# Convert More Sales Leads With Machine Learning

Contents

## The Problem

You sell software that helps stores manage their inventory. You collect leads on thousands of potential customers, and your strategy is to cold-call them and pitch your product. You can only make 100 phone calls per day, so you want to identify leads with a high probability of converting to a sale. By calling leads randomly, you only generate about two sales per day - a 2% hit ratio. If you could be smarter about who you target, you could increase your sales with no extra resources…

## The Data

### train

1 Drugs R Us drug store NA NA NA 5042538336 general line FALSE
4 Joe's Hobby Shop hobbies & toys NA NA NA 5043304798 other FALSE
5 The Corner corner store 26 NA thecornerstore.com 6461045953 owner TRUE
... ... ... ... ... ... ... ... ...
26 Juicy Burger restaurant 112 20 NA 3103833242 other FALSE
27 Comic Corner books 89 67 comiccorner.com 5044820790 manager TRUE
28 Smokes and Beer corner store NA NA NA 5046995720 other FALSE

### test

2 The Law Offices of Smith law office 87 46 smithlaw.net 3109859670 other FALSE
3 Bait n Tackle NA 22 NA NA 6464315297 owner TRUE
6 Smokie's Bar & Grill restaurant 215 NA NA 6461572195 general line FALSE
... ... ... ... ... ... ... ... ...
22 Tools & Supplies NA NA NA NA 3101508786 owner FALSE
29 Reading Rainbow books 6 NA readingrainbowstore.us 5049169286 owner FALSE
30 Katz Claims law office 144 36 katzclaims.com 5045337861 owner FALSE

## The Objective

This is important! The simplest and most common objective function for most binary classification algorithms is accuracy rate. This is not what we want. For our sample training dataset, just 35% of leads convert to a sale and in practice this number can be much lower (less than 1%). The most accurate model will often be the one that predicts every lead will not become a sale. Instead, we’re interested in accurately ranking the likelihood that each lead becomes a sale. Then we can pick out the best leads to pursue with confidence that our overall conversion rate will be higher than pursuing a set of random leads.
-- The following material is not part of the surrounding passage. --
(* Let $\mathcal{H}_X,\mathcal{H}_Z,\mathcal{H}_A$ be finite-dimensional Hilbert spaces with $d_A=\dim\mathcal{H}_A$, and let $\mathcal{S}:\mathrm{CPTP}(\mathcal{H}_X,\mathcal{H}_Z\otimes\mathcal{H}_A)\to\mathrm{CPTP}(\mathcal{H}_X,\mathcal{H}_Z)$ be the partial-trace supermap $\mathcal{S}(\mathcal{N})=\mathrm{Tr}_A\circ\mathcal{N}$. Let $\Gamma\in\mathrm{CPTP}(\mathcal{H}_X,\mathcal{H}_Z\otimes\mathcal{H}_A)$ be such that the Choi operators $C_\Gamma$ and $C_{\mathcal{S}(\Gamma)}$ are full-rank (invertible). Let $\mathcal{R}:\mathrm{CPTP}(\mathcal{H}_X,\mathcal{H}_Z)\to\mathrm{CPTP}(\mathcal{H}_{X_{\rm r}},\mathcal{H}_{Z_{\rm r}}\otimes\mathcal{H}_{A_{\rm r}})$ be a superchannel, where $X_{\rm r},Z_{\rm r},A_{\rm r}$ are copies of $X,Z,A$, and suppose $\mathcal{R}(\mathcal{S}(\Gamma))=\Gamma$. Then there exist a finite-dimensional Hilbert space $\mathcal{H}_R$ with $d_R:=\dim\mathcal{H}_R\geq d_A$ and an operator $V:\mathcal{H}_X\otimes\mathcal{H}_Z\otimes\mathcal{H}_R\to\mathcal{H}_{X_{\rm r}}\otimes\mathcal{H}_{Z_{\rm r}}\otimes\mathcal{H}_{A_{\rm r}}$ with $VV^\dagger=\mathbb{1}_{X_{\rm r}Z_{\rm r}A_{\rm r}}$ (i.e. $V^\dagger$ is an isometry) such that for every operator $\tau$ on $\mathcal{H}_X\otimes\mathcal{H}_Z$, $$\mathcal{C}_{\mathcal{R}}(\tau)=C_\Gamma^{1/2}\,V\left(C_{\mathcal{S}(\Gamma)}^{-1/2}\,\tau\,C_{\mathcal{S}(\Gamma)}^{-1/2}\otimes\mathbb{1}_R\right)V^\dagger\,C_\Gamma^{1/2},$$ where $C_\Gamma^{1/2}$ is regarded as an operator on $\mathcal{H}_{X_{\rm r}}\otimes\mathcal{H}_{Z_{\rm r}}\otimes\mathcal{H}_{A_{\rm r}}$. Furthermore, if the rank of $\mathcal{R}$ equals $d_A$, then $d_R=d_A$ and $V$ is unitary.
   Context: $\mathrm{CPTP}(\mathcal{H},\mathcal{K})$ denotes the set of quantum channels (completely positive trace-preserving maps) from operators on $\mathcal{H}$ to operators on $\mathcal{K}$. The Choi operator of a linear map $\mathcal{N}$ from operators on $\mathcal{H}_{\rm in}$ (with orthonormal basis $\{|i\rangle\}$) to operators on $\mathcal{H}_{\rm out}$ is $C_{\mathcal{N}}=\sum_{i,j}|i\rangle\langle j|\otimes\mathcal{N}(|i\rangle\langle j|)$, an operator on $\mathcal{H}_{\rm in}\otimes\mathcal{H}_{\rm out}$. A superchannel (deterministic supermap) is a linear map on linear maps sending channels to channels that can be realized as $\mathcal{N}\mapsto\mathcal{E}_{\rm post}\circ(\mathcal{N}\otimes\mathcal{I}_M)\circ\mathcal{E}_{\rm pre}$ for some ancilla system $M$ and channels $\mathcal{E}_{\rm pre},\mathcal{E}_{\rm post}$; equivalently it induces a completely positive linear map $\mathcal{C}_{\mathcal{R}}$ on Choi operators defined by $\mathcal{C}_{\mathcal{R}}(C_{\mathcal{N}})=C_{\mathcal{R}(\mathcal{N})}$ (extended linearly to all operators on $\mathcal{H}_X\otimes\mathcal{H}_Z$). The rank of a supermap $\mathcal{R}$ is the rank of its Choi operator, which equals the Kraus rank of $\mathcal{C}_{\mathcal{R}}$. *)

theory Defs
  imports "Jordan_Normal_Form.Schur_Decomposition" "Jordan_Normal_Form.DL_Rank"
begin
A very easy and common objective function for this is Area Under the ROC Curve. There’s a lot of information about it, so I encourage you to Google it.

### In short…

Suppose we randomly sort our leads and predict that every lead converts to a sale. Then we can measure the cumulative True Positive Rate (portion of sales correctly identified up to position i) and the cumulative False Positive Rate (portion of non-sales incorrectly identified up to position i). Now we can plot the cumulative True Positive Rate vs the cumulative False Positive Rate which, in theory, will generate a $y = x$ line from 0 to 1. So, for a point (x, y) like (0.5, 0.5), the interpretation is that we have to pursue 50% of the total non-converting leads in order to catch 50% of converting leads.

Randomly Sorted Test Data
LeadID Sale Prediction FalsePositiveRate TruePositiveRate
12 FALSE TRUE 0.125 0.0
13 TRUE TRUE 0.125 0.5
6 FALSE TRUE 0.250 0.5
22 FALSE TRUE 0.375 0.5
19 FALSE TRUE 0.500 0.5
11 FALSE TRUE 0.625 0.5
30 FALSE TRUE 0.750 0.5
29 FALSE TRUE 0.875 0.5
3 TRUE TRUE 0.875 1.0
2 FALSE TRUE 1.000 1.0

Now suppose we build a model that predicts the probability each lead will convert. We sort the data from the strongest lead to the weakest lead and remeasure the cumulative True Positive Rate and True Negative Rate. Plotting this over our previous example yields

Model Sorted Test Data
LeadID Sale Prediction FalsePositiveRate TruePositiveRate
19 FALSE TRUE 0.125 0.0
3 TRUE TRUE 0.125 0.5
6 FALSE TRUE 0.250 0.5
13 TRUE TRUE 0.250 1.0
30 FALSE TRUE 0.375 1.0
29 FALSE TRUE 0.500 1.0
2 FALSE TRUE 0.625 1.0
11 FALSE TRUE 0.750 1.0
22 FALSE TRUE 0.875 1.0
12 FALSE TRUE 1.000 1.0

For reference, the point (0.25, 1.0) means that our model exhausted 25% of the bad leads in order to identify 100% of the good leads. This curve is called the Receiver Operating Characteristic (ROC curve). Measuring area under the ROC curve gives an indication of how well the leads are ranked. A perfect model will have AUC ROC = 1, and a random guess model should have AUC ROC = 0.5.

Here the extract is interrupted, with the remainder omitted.